Les nombres se collaient à lui :

il se déroba à l’épaule d’un 13,18

tandis que deux couples de 99 le plaquaient aux genoux

son bras droit était victime des multiples de 7

ses doigts des mains d’un 11 111

et il n’eut pas le temps d’ôter le 8 de ses yeux :

déjà son buste

bouillait intérieurement

et il sentit exploser

sous sa chemise un

48 795 672,452

raison pour laquelle

il proposa l’armistice aux troupes de Pythagore

puis à bout de souffle

cramoisi et en nage sous l’effet de la terreur

se cacha derrière un vase rempli de fleurs

dont certaines étaient fraîches et d’autres fanées

ou mieux

certaines up et d’autres down.

L’écriture est rythmée, très graphique, et la traduction de Nathalie Bauer est certainement pour beaucoup dans le fait que le texte fonctionne. D’ailleurs, avant d’être un roman, la saga des Lehman a été une pièce de théâtre, Chapitres de la chute, dont elle a de toute évidence conservé la spontanéité et le sens scénique. Stefano Massini joue habilement avec les genres : un des derniers chapitres est une bande dessinée, par exemple, mais l’auteur s’amuse aussi avec des mots portemanteau, des assonances, des répétitions… C’est souvent drôle, et bien mené.

Stefano Massini, Les frères Lehman

Néanmoins, sur le fond, ce roman laisse dans l’ombre une composante majeure de l’histoire qu’il prétend nous raconter, en l’espèce, les conséquences concrètes du comportement de trois générations de Lehman sur l’existence de leurs concitoyens. Des plantations de coton, on ne voit que le salon de la demeure des maîtres lors d’une réception, d’un récital de piano ou d’un dîner, et les esclaves ne sont qu’une entité abstraite, qu’on mentionne, mais qu’on ne voit jamais vivre ou mourir. Il en va de même pour les mineurs, les ouvriers des usines ou du chemin de fer, les soldats au front. En définitive, tous ceux dont les vies viennent alimenter la machine à dollars que les Lehman ont inventée se trouvent relégués à de simples éléments de décor.
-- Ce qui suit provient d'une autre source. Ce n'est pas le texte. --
lemma bound_col_tail_eq:
  assumes "in_V (\<gamma> k n')" "k \<le> n'"
  shows "bound_col_tail \<gamma> n' J k = (if J \<le> k then real (tail (\<gamma> k n') J) else 0)"
proof -
  have "\<forall>j\<ge>n'+1. clip k (\<gamma> k n') j = 0"
    using assms(2) by (simp add: clip_def)
  then have "bound_col_tail \<gamma> n' J k = real (tail (clip k (\<gamma> k n')) J)"
    unfolding bound_col_tail_def by (simp only: tail_eq_sum of_nat_sum)
  then show ?thesis
    using tail_clip[OF assms(1)] by simp
qed

lemma bound_col_tail_mono:
  assumes G: "in_Gamma \<gamma>" and "1 \<le> n'" "k \<le> k'" "k' \<le> n'"
  shows "bound_col_tail \<gamma> n' J k \<le> bound_col_tail \<gamma> n' J k'"
proof -
  have "in_V (\<gamma> k n')" "in_V (\<gamma> k' n')" "preceq (\<gamma> k n') (\<gamma> k' n')"
    using G assms(2-4) unfolding in_Gamma_def by auto
  then show ?thesis
    using assms(3,4) by (auto simp: bound_col_tail_eq preceq_def)
qed

lemma sum_weighted_layer_cake:
  fixes g :: "nat \<Rightarrow> real" and w :: "'a \<Rightarrow> real"
  assumes X: "finite X" and f: "\<forall>x\<in>X. f x \<le> N"
  shows "(\<Sum>x\<in>X. w x * g (f x))
    = (\<Sum>K\<le>N. (g K - (if K = 0 then 0 else g (K - 1))) * (\<Sum>x\<in>{x\<in>X. K \<le> f x}. w x))"
proof -
  define \<delta> where "\<delta> K = g K - (if K = 0 then 0 else g (K - 1))" for K
  have g_sum: "g k = (\<Sum>K\<le>N. if K \<le> k then \<delta> K else 0)" if "k \<le> N" for k
  proof -
    have "g k = sum \<delta> {..k}"
      by (induction k) (simp_all add: \<delta>_def)
    also have "{..k} = {K\<in>{..N}. K \<le> k}"
      using that by auto
    finally show ?thesis
      by (rule trans) (rule sum.inter_filter, simp)
  qed
  have "(\<Sum>x\<in>X. w x * g (f x)) = (\<Sum>x\<in>X. \<Sum>K\<le>N. if K \<le> f x then \<delta> K * w x else 0)"
    using f by (intro sum.cong) (auto simp: g_sum sum_distrib_left intro!: sum.cong)
  also have "\<dots> = (\<Sum>K\<le>N. \<Sum>x\<in>X. if K \<le> f x then \<delta> K * w x else 0)"
    by (rule sum.swap)
  also have "\<dots> = (\<Sum>K\<le>N. \<delta> K * (\<Sum>x\<in>{x\<in>X. K \<le> f x}. w x))"
    using X by (auto simp: sum.inter_filter sum_distrib_left intro!: sum.cong)
  finally show ?thesis
    by (simp add: \<delta>_def)
qed

lemma sum_mono_fun_le_of_tail_counts:
  fixes g v :: "nat \<Rightarrow> real"
  assumes X: "finite X" and g: "mono g" "0 \<le> g 0"
    and counts: "\<And>K. real (card {x\<in>X. K \<le> f x}) \<le> (\<Sum>j\<in>{K..<M}. v j)"
  shows "(\<Sum>x\<in>X. g (f x)) \<le> (\<Sum>j<M. v j * g j)"
proof -
  define N where "N = M + Max (f ` X)"
  have fN: "\<forall>x\<in>X. f x \<le> N"
    using X by (simp add: N_def trans_le_add2)
  have MN: "\<forall>j\<in>{..<M}. j \<le> N"
    by (simp add: N_def)
  have ivl_eq: "{j\<in>{..<M}. K \<le> j} = {K..<M}" for K
    by auto
  define \<delta> where "\<delta> K = g K - (if K = 0 then 0 else g (K - 1))" for K
  have "0 \<le> \<delta> K" for K
    using g by (cases K) (auto simp: \<delta>_def mono_def)
  then have "(\<Sum>K\<le>N. \<delta> K * (\<Sum>x\<in>{x\<in>X. K \<le> f x}. 1))
      \<le> (\<Sum>K\<le>N. \<delta> K * (\<Sum>j\<in>{K..<M}. v j))"
    using counts by (intro sum_mono mult_left_mono) auto
  then show ?thesis
    using sum_weighted_layer_cake[OF X fN, of "\<lambda>_. 1" g]
      sum_weighted_layer_cake[of "{..<M}" "\<lambda>j. j" N v g, unfolded ivl_eq] MN
    by (simp add: \<delta>_def)
qed

lemma mult_mat_vec_nth:
  assumes "A \<in> carrier_mat r k" "z \<in> carrier_vec k" "i < r"
  shows "(A *\<^sub>v z) $ i = (\<Sum>j<k. A $$ (i, j) * z $ j)"
  using assms by (auto simp: scalar_prod_def atLeast0LessThan intro!: sum.cong)

lemma sum_tail_bound_mat_mult:
  assumes "w \<in> carrier_vec (n'+1)"
  shows "(\<Sum>i\<in>{J..<n'+1}. (bound_mat \<gamma> n' *\<^sub>v w) $ i)
    = (\<Sum>k<n'+1. w $ k * bound_col_tail \<gamma> n' J k)"
proof -
  have "(\<Sum>i\<in>{J..<n'+1}. (bound_mat \<gamma> n' *\<^sub>v w) $ i)
      = (\<Sum>i\<in>{J..<n'+1}. \<Sum>k<n'+1. real (clip k (\<gamma> k n') i) * w $ k)"
    using assms by (intro sum.cong refl, subst mult_mat_vec_nth[of _ "n'+1" "n'+1"]) (auto simp: bound_mat_def)
  also have "\<dots> = (\<Sum>k<n'+1. \<Sum>i\<in>{J..<n'+1}. real (clip k (\<gamma> k n') i) * w $ k)"
    by (rule sum.swap)
  also have "\<dots> = (\<Sum>k<n'+1. w $ k * bound_col_tail \<gamma> n' J k)"
    unfolding bound_col_tail_def sum_distrib_left by (intro sum.cong refl) (simp add: mult.commute)
  finally show ?thesis .
qed
(* Let $\rho>0$. There is a constant $C>0$ such that for every $\varepsilon>0$ and every $\xi\in\mathbb{H}^N$ with $|\xi|>\rho$, $$|\nabla_{\mathbb{H}}u_\varepsilon(\xi)|\le C\varepsilon^{\frac{Q-2s}{2}}.$$
   Context: $\mathbb{H}^N=\mathbb{R}^{2N+1}$ with group law $\xi\circ\xi'=(x+x',y+y',t+t'+2(x'\cdot y-y'\cdot x))$, $Q=2N+2$, dilations $\delta_a(x,y,t)=(ax,ay,a^2t)$, homogeneous norm $|\xi|=((|x|^2+|y|^2)^2+t^2)^{1/4}$, balls $B_r(0)=\{|\xi|<r\}$, $s\in(0,1)$, $Q^*_s=\frac{2Q}{Q-2s}$. The horizontal gradient is $\nabla_{\mathbb{H}}u=(X_1u,\dots,X_Nu,Y_1u,\dots,Y_Nu)$ with $X_j=\partial_{x_j}+2y_j\partial_t$, $Y_j=\partial_{y_j}-2x_j\partial_t$. $S_s>0$ is the sharp fractional Sobolev constant on $\mathbb{H}^N$. $U(x,y,t)=C_0(t^2+(1+|x|^2+|y|^2)^2)^{-\frac{Q-2s}{4}}$ ($C_0>0$), $\overline{u}=U/\|U\|_{L^{Q^*_s}(\mathbb{H}^N)}$, $u^*(\xi)=\overline{u}(\delta_{S_s^{-1/(2s)}}(\xi))$, $U_\varepsilon(\xi)=\varepsilon^{-\frac{Q-2s}{2}}u^*(\delta_{1/\varepsilon}(\xi))$. $\Omega\subseteq\mathbb{H}^N$ is bounded open, $r>0$ with $B_{4r}(0)\subset\Omega$, $\phi\in C^\infty(\mathbb{H}^N)$, $0\le\phi\le1$, $\phi=1$ on $B_r(0)$, $\phi=0$ outside $B_{2r}(0)$, and $u_\varepsilon=U_\varepsilon\phi$. *)

theory Defs
  imports "HOL-Analysis.Analysis"
begin

text \<open>Heisenberg group H^N = R^{2N+1}, points (x,y,t) with x,y :: real^'n, N = CARD('n).\<close>

type_synonym 'n heis = "(real^'n) \<times> (real^'n) \<times> real"

definition hQ :: "'n::finite itself \<Rightarrow> real" where
  "hQ _ = 2 * real CARD('n) + 2"

definition hmult :: "'n::finite heis \<Rightarrow> 'n heis \<Rightarrow> 'n heis" where
  "hmult p q = (case p of (x,y,t) \<Rightarrow> case q of (x',y',t') \<Rightarrow>
      (x + x', y + y', t + t' + 2 * (x' \<bullet> y - y' \<bullet> x)))"

definition hinv :: "'n::finite heis \<Rightarrow> 'n heis" where
  "hinv p = (case p of (x,y,t) \<Rightarrow> (-x, -y, -t))"

definition hdil :: "real \<Rightarrow> 'n::finite heis \<Rightarrow> 'n heis" where
  "hdil a p = (case p of (x,y,t) \<Rightarrow> (a *\<^sub>R x, a *\<^sub>R y, a^2 * t))"

definition hnorm :: "'n::finite heis \<Rightarrow> real" where
  "hnorm p = (case p of (x,y,t) \<Rightarrow> ((norm x ^ 2 + norm y ^ 2) ^ 2 + t ^ 2) powr (1/4))"

definition hball :: "real \<Rightarrow> 'n::finite heis set" where
  "hball r = {p. hnorm p < r}"

definition crit_exp :: "'n::finite itself \<Rightarrow> real \<Rightarrow> real" where
  "crit_exp n s = 2 * hQ n / (hQ n - 2 * s)"

definition Lp_norm :: "real \<Rightarrow> ('n::finite heis \<Rightarrow> real) \<Rightarrow> real" where
  "Lp_norm p u = enn2real (\<integral>\<^sup>+ \<xi>. ennreal (\<bar>u \<xi>\<bar> powr p) \<partial>lborel) powr (1/p)"

definition gagliardo :: "real \<Rightarrow> ('n::finite heis \<Rightarrow> real) \<Rightarrow> ennreal" where
  "gagliardo s u = (\<integral>\<^sup>+ \<xi>. \<integral>\<^sup>+ \<eta>.
      ennreal ((u \<xi> - u \<eta>)^2 / hnorm (hmult (hinv \<eta>) \<xi>) powr (hQ TYPE('n) + 2 * s)) \<partial>lborel \<partial>lborel)"

definition sobolev_const :: "'n::finite itself \<Rightarrow> real \<Rightarrow> real" where
  "sobolev_const n s = Inf {enn2real (gagliardo s u) / (Lp_norm (crit_exp n s) u)^2 | u :: 'n heis \<Rightarrow> real.
      u \<in> borel_measurable lborel \<and> gagliardo s u < \<infinity> \<and>
      (\<integral>\<^sup>+ \<xi>. ennreal (\<bar>u \<xi>\<bar> powr crit_exp n s) \<partial>lborel) < \<infinity> \<and>
      (\<integral>\<^sup>+ \<xi>. ennreal (\<bar>u \<xi>\<bar> powr crit_exp n s) \<partial>lborel) > 0}"

definition bubble_U :: "real \<Rightarrow> real \<Rightarrow> 'n::finite heis \<Rightarrow> real" where
  "bubble_U C0 s p = (case p of (x,y,t) \<Rightarrow>
      C0 * (t^2 + (1 + norm x ^ 2 + norm y ^ 2)^2) powr (- (hQ TYPE('n) - 2 * s) / 4))"

definition u_bar :: "real \<Rightarrow> real \<Rightarrow> 'n::finite heis \<Rightarrow> real" where
  "u_bar C0 s p = bubble_U C0 s p / Lp_norm (crit_exp TYPE('n) s) (bubble_U C0 s :: 'n heis \<Rightarrow> real)"

definition u_star :: "real \<Rightarrow> real \<Rightarrow> 'n::finite heis \<Rightarrow> real" where
  "u_star C0 s p = u_bar C0 s (hdil (sobolev_const TYPE('n) s powr (- 1 / (2 * s))) p)"

definition U_eps :: "real \<Rightarrow> real \<Rightarrow> real \<Rightarrow> 'n::finite heis \<Rightarrow> real" where
  "U_eps C0 s \<epsilon> p = \<epsilon> powr (- (hQ TYPE('n) - 2 * s) / 2) * u_star C0 s (hdil (1/\<epsilon>) p)"

definition hX :: "'n::finite \<Rightarrow> ('n heis \<Rightarrow> real) \<Rightarrow> 'n heis \<Rightarrow> real" where
  "hX j u p = (case p of (x,y,t) \<Rightarrow>
      frechet_derivative u (at p) (axis j 1, 0, 2 * y $ j))"

definition hY :: "'n::finite \<Rightarrow> ('n heis \<Rightarrow> real) \<Rightarrow> 'n heis \<Rightarrow> real" where
  "hY j u p = (case p of (x,y,t) \<Rightarrow>
      frechet_derivative u (at p) (0, axis j 1, - 2 * x $ j))"

definition hgrad_norm :: "('n::finite heis \<Rightarrow> real) \<Rightarrow> 'n heis \<Rightarrow> real" where
  "hgrad_norm u p = sqrt (\<Sum>j\<in>UNIV. (hX j u p)^2 + (hY j u p)^2)"

fun iter_deriv :: "'a::real_normed_vector list \<Rightarrow> ('a \<Rightarrow> real) \<Rightarrow> 'a \<Rightarrow> real" where
  "iter_deriv [] f = f"
| "iter_deriv (v # vs) f = (\<lambda>x. frechet_derivative (iter_deriv vs f) (at x) v)"

definition smooth_fun :: "('a::real_normed_vector \<Rightarrow> real) \<Rightarrow> bool" where
  "smooth_fun f \<longleftrightarrow> (\<forall>vs x. iter_deriv vs f differentiable (at x))"

end

theory Submission
  imports Defs
begin

(* Unwinding the dilations, U_eps = K eps^a D^(-a/2) with a = (Q - 2s)/2, l = S_s^(-1/(2s)) and
   D = l^4 t^2 + (eps^2 + l^2 |z|^2)^2, where z = (x, y).  Since D >= (l |xi|)^4, the factor
   D^(-a/2) is bounded by (l rho)^(-2a) on {|xi| > rho}, uniformly in eps.  Its horizontal
   gradient is controlled as well, because |grad_H D| = 4 l^2 |z| sqrt D <= 4 l D^(3/4).  The
   cutoff phi is smooth with bounded support, so |grad_H phi| is bounded, and the product rule
   for grad_H finishes the proof. *)

lemma smooth_fun_differentiable: "smooth_fun f \<Longrightarrow> f differentiable (at x)"
  unfolding smooth_fun_def by (metis iter_deriv.simps(1))

lemma smooth_fun_continuous_on_directional_derivative:
  assumes "smooth_fun f"
  shows "continuous_on UNIV (\<lambda>x. frechet_derivative f (at x) v)"
proof -
  have "iter_deriv [v] f differentiable (at x)" for x
    using assms unfolding smooth_fun_def by blast
  then show ?thesis
    by (simp add: differentiable_at_imp_differentiable_on differentiable_imp_continuous_on)
qed

lemma continuous_on_frechet_derivative_apply:
  fixes f :: "'a::euclidean_space \<Rightarrow> real"
  assumes diff: "\<And>x. f differentiable (at x)"
    and cont: "\<And>v. continuous_on UNIV (\<lambda>x. frechet_derivative f (at x) v)"
    and V: "continuous_on UNIV V"
  shows "continuous_on UNIV (\<lambda>x. frechet_derivative f (at x) (V x))"
proof -
  have "frechet_derivative f (at x) (V x) = (\<Sum>b\<in>Basis. (V x \<bullet> b) * frechet_derivative f (at x) b)" for x
  proof -
    have lin: "linear (frechet_derivative f (at x))"
      using diff by (rule linear_frechet_derivative)
    have "frechet_derivative f (at x) (V x) = frechet_derivative f (at x) (\<Sum>b\<in>Basis. (V x \<bullet> b) *\<^sub>R b)"
      by (simp add: euclidean_representation)
    then show ?thesis
      by (simp add: linear_sum[OF lin] linear_scale[OF lin])
  qed
  then show ?thesis
    by (simp only:) (intro continuous_intros cont V)
qed

lemma frechet_derivative_eq_0_outside_closure:
  assumes "\<And>y. y \<notin> S \<Longrightarrow> f y = 0" "x \<notin> closure S"
  shows "frechet_derivative f (at x) = (\<lambda>_. 0)"
proof -
  have "open (- closure S)" "x \<in> - closure S"
    using assms(2) by auto
  moreover have "0 = f y" if "y \<in> - closure S" for y
    using assms(1)[of y] that closure_subset by auto
  ultimately have "(f has_derivative (\<lambda>_. 0)) (at x)"
    by (rule has_derivative_transform_within_open[OF has_derivative_const])
  from frechet_derivative_at[OF this] show ?thesis
    by simp
qed

lemma bounded_range_if_vanishes_outside_bounded:
  fixes g :: "'a::heine_borel \<Rightarrow> 'b::real_normed_vector"
  assumes "continuous_on UNIV g" "bounded S" "\<And>x. x \<notin> S \<Longrightarrow> g x = 0"
  shows "bounded (range g)"
proof -
  have "compact (g ` closure S)"
    using assms by (intro compact_continuous_image continuous_on_subset[OF assms(1)]) auto
  moreover have "range g \<subseteq> insert 0 (g ` closure S)"
    using assms(3) closure_subset by fastforce
  ultimately show ?thesis
    by (meson bounded_insert bounded_subset compact_imp_bounded)
qed

lemma hnorm_nonneg: "0 \<le> hnorm p"
  by (cases p) (simp add: hnorm_def)

lemma hnorm_pow4: "hnorm (x, y, t) ^ 4 = (norm x ^ 2 + norm y ^ 2) ^ 2 + t ^ 2"
proof -
  have "(X powr (1/4)) ^ 4 = X" if "0 \<le> X" for X :: real
    using that by (cases "X = 0") (simp_all add: powr_power)
  then show ?thesis
    by (simp add: hnorm_def)
qed
lemma smult_one_minus_signless_lap_compl_cone:
  "y \<cdot>\<^sub>m 1\<^sub>m (Suc n) - signless_lap (Suc n) (compl_graph (cone_graph n E))
    = border_mat (y \<cdot>\<^sub>m 1\<^sub>m n - signless_lap n (compl_graph E)) 0 0 y"
  by (intro eq_matI) (auto simp: border_mat_def adj_mat_def deg_mat_def signless_lap_def cone_graph_def
      compl_graph_def degree_compl_cone_base degree_compl_cone_apex dest: less_antisym)

lemma smult_one_minus_mat_carrier [simp]:
  "M \<in> carrier_mat n n \<Longrightarrow> y \<cdot>\<^sub>m 1\<^sub>m n - M \<in> carrier_mat n n"
  by auto

lemma poly_char_poly_adj_mat_cone:
  "poly (char_poly (adj_mat (Suc n) (cone_graph n E))) y
    = y * det (y \<cdot>\<^sub>m 1\<^sub>m n - adj_mat n E) + ones_bordered_det (y \<cdot>\<^sub>m 1\<^sub>m n - adj_mat n E)"
  by (simp add: poly_char_poly_eq_det[of _ "Suc n"] smult_one_minus_adj_mat_cone det_border_mat[of _ n])

lemma poly_char_poly_adj_mat_compl:
  assumes "is_graph n E"
  shows "poly (char_poly (adj_mat n (compl_graph E))) y
    = (-1)^n * (det ((-1 - y) \<cdot>\<^sub>m 1\<^sub>m n - adj_mat n E) - ones_bordered_det ((-1 - y) \<cdot>\<^sub>m 1\<^sub>m n - adj_mat n E))"
  by (simp add: poly_char_poly_eq_det[of _ n] smult_one_minus_adj_mat_compl[OF assms] det_uminus_minus_ones)

lemma poly_char_poly_adj_mat_compl_cone:
  "poly (char_poly (adj_mat (Suc n) (compl_graph (cone_graph n E)))) y
    = y * poly (char_poly (adj_mat n (compl_graph E))) y"
  by (simp add: poly_char_poly_eq_det[of _ "Suc n"] poly_char_poly_eq_det[of _ n]
      smult_one_minus_adj_mat_compl_cone det_border_mat[of _ n])
(* Let $n\ge2$ and let $Q$ be the equioriented cyclic quiver with vertex set $\mathbb Z/n\mathbb Z$ and edges $i\to i-1$. Let $\mathfrak n_Q$ be the Lie algebra of primitive elements of the Hall algebra $\mathbf H_Q$ of nilpotent representations of $Q$ over $\mathbb{F}_1$. Then $\mathfrak n_Q$ is isomorphic as a Lie algebra to $\mathfrak a_+=t\,\mathfrak{gl}_n[t]\oplus N_+\subset\widehat{\mathfrak{gl}}_n$; the isomorphism (to the opposite Lie algebra $\mathfrak n_Q^{op}$) sends the basis $\{E_{r,s}\otimes t^m\}$ of $\mathfrak a_+$ bijectively onto the basis of $\mathfrak n_Q$ given by the classes of indecomposable nilpotent representations. *)

theory Defs
  imports Complex_Main
begin

text \<open>An F_1-representation of the equioriented cyclic quiver with vertices Z/nZ
  (encoded as 0..n-1) and arrows i -> i-1 is given by the finite set of nonzero
  elements (the pointed sets with basepoint removed), a vertex (degree) for each
  element, and the arrow maps, which are F_1-linear, i.e. partial injective maps
  (an element sent to the basepoint is encoded by None).\<close>

record qrep =
  rcar :: "nat set"
  rdeg :: "nat \<Rightarrow> nat"
  rarr :: "nat \<Rightarrow> nat option"

definition arr_step :: "qrep \<Rightarrow> nat option \<Rightarrow> nat option" where
  "arr_step R o' = Option.bind o' (rarr R)"

definition nilpotent_rep :: "qrep \<Rightarrow> bool" where
  "nilpotent_rep R \<longleftrightarrow> (\<exists>k. \<forall>x\<in>rcar R. (arr_step R ^^ k) (Some x) = None)"

definition wf_rep :: "nat \<Rightarrow> qrep \<Rightarrow> bool" where
  "wf_rep n R \<longleftrightarrow>
     finite (rcar R) \<and>
     (\<forall>x\<in>rcar R. rdeg R x < n) \<and>
     (\<forall>x\<in>rcar R. \<forall>y. rarr R x = Some y \<longrightarrow>
          y \<in> rcar R \<and> rdeg R y = (rdeg R x + n - 1) mod n) \<and>
     (\<forall>x\<in>rcar R. \<forall>y\<in>rcar R. rarr R x \<noteq> None \<and> rarr R x = rarr R y \<longrightarrow> x = y) \<and>
     nilpotent_rep R"

definition iso_rep :: "qrep \<Rightarrow> qrep \<Rightarrow> bool" where
  "iso_rep R S \<longleftrightarrow> (\<exists>h. bij_betw h (rcar R) (rcar S) \<and>
      (\<forall>x\<in>rcar R. rdeg S (h x) = rdeg R x \<and> rarr S (h x) = map_option h (rarr R x)))"

definition cls :: "nat \<Rightarrow> qrep \<Rightarrow> qrep set" where
  "cls n R = {S. wf_rep n S \<and> iso_rep S R}"

definition isoclasses :: "nat \<Rightarrow> qrep set set" where
  "isoclasses n = {cls n R | R. wf_rep n R}"

definition rep_of :: "qrep set \<Rightarrow> qrep" where
  "rep_of C = (SOME R. R \<in> C)"

definition zero_rep :: qrep where
  "zero_rep = \<lparr>rcar = {}, rdeg = (\<lambda>_. 0), rarr = (\<lambda>_. None)\<rparr>"

definition subreps :: "qrep \<Rightarrow> nat set set" where
  "subreps R = {A. A \<subseteq> rcar R \<and> (\<forall>x\<in>A. \<forall>y. rarr R x = Some y \<longrightarrow> y \<in> A)}"

definition restr :: "qrep \<Rightarrow> nat set \<Rightarrow> qrep" where
  "restr R A = R\<lparr>rcar := A\<rparr>"

definition quot :: "qrep \<Rightarrow> nat set \<Rightarrow> qrep" where
  "quot R A = R\<lparr>rcar := rcar R - A,
     rarr := (\<lambda>x. case rarr R x of None \<Rightarrow> None | Some y \<Rightarrow> if y \<in> A then None else Some y)\<rparr>"

definition decomps :: "qrep \<Rightarrow> (nat set \<times> nat set) set" where
  "decomps R = {(A, B). A \<in> subreps R \<and> B \<in> subreps R \<and> A \<inter> B = {} \<and> A \<union> B = rcar R}"

definition indecomposable :: "nat \<Rightarrow> qrep \<Rightarrow> bool" where
  "indecomposable n R \<longleftrightarrow> wf_rep n R \<and> rcar R \<noteq> {} \<and>
     (\<forall>(A, B)\<in>decomps R. A = {} \<or> B = {})"

definition hall :: "nat \<Rightarrow> (qrep set \<Rightarrow> complex) set" where
  "hall n = {h. finite {C. h C \<noteq> 0} \<and> (\<forall>C. h C \<noteq> 0 \<longrightarrow> C \<in> isoclasses n)}"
Ce n’est que vers la fin, lorsque les « méchants » financiers modernes prennent le contrôle de la banque, qu’adviennent la chute et, accessoirement, quelques conséquences concrètes de l’activité des Lehman, quoique dispensées avec parcimonie. Volontairement ou non, Massini semble mettre en scène une dichotomie qui se voudrait naturelle entre la « bonne bourgeoisie » de l’argent, celle d’un dix-neuvième siècle entrepreneur et tourné vers le progrès, et les « financiers voyous », court-termistes et sans idéaux du début du XXIe siècle. Les Lehman, quels que soient leurs défauts, sont toujours des personnages positifs, ce qui est quand même un peu gros pour être avalé sans broncher. On aurait aimé ne serait-ce qu’entrevoir un exposé de l’histoire un peu plus réaliste, et la présence d’Herbert, le seul Lehman à développer une conscience sociale, (membre du parti démocrate, il sera gouverneur puis sénateur de l’État de New York), ne change rien à l’affaire. Là encore, sa contribution narrative ne vise qu’à renforcer l’idée que la « bonne bourgeoisie » n’était pas dépourvue d’idéaux progressistes et que la banque Lehman Brothers, ou plutôt la famille Lehman en tant qu’entité, avait accouché d’un modèle social viable, voire enviable. On peut ne pas être d’accord avec ça.

La dernière scène du livre, aussi onirique qu’astucieusement tournée, raconte la mort de la banque. Et l’on referme l’ouvrage avec un sentiment mitigé. On a lu un texte plein de poésie et d’inventivité formelle, mais qui, à l’inverse d’une fable, renvoie à une réalité qui n’a jamais existé… à moins, mais c’est peut-être pis, qu’il n’érige en morale l’indifférence à l’autre.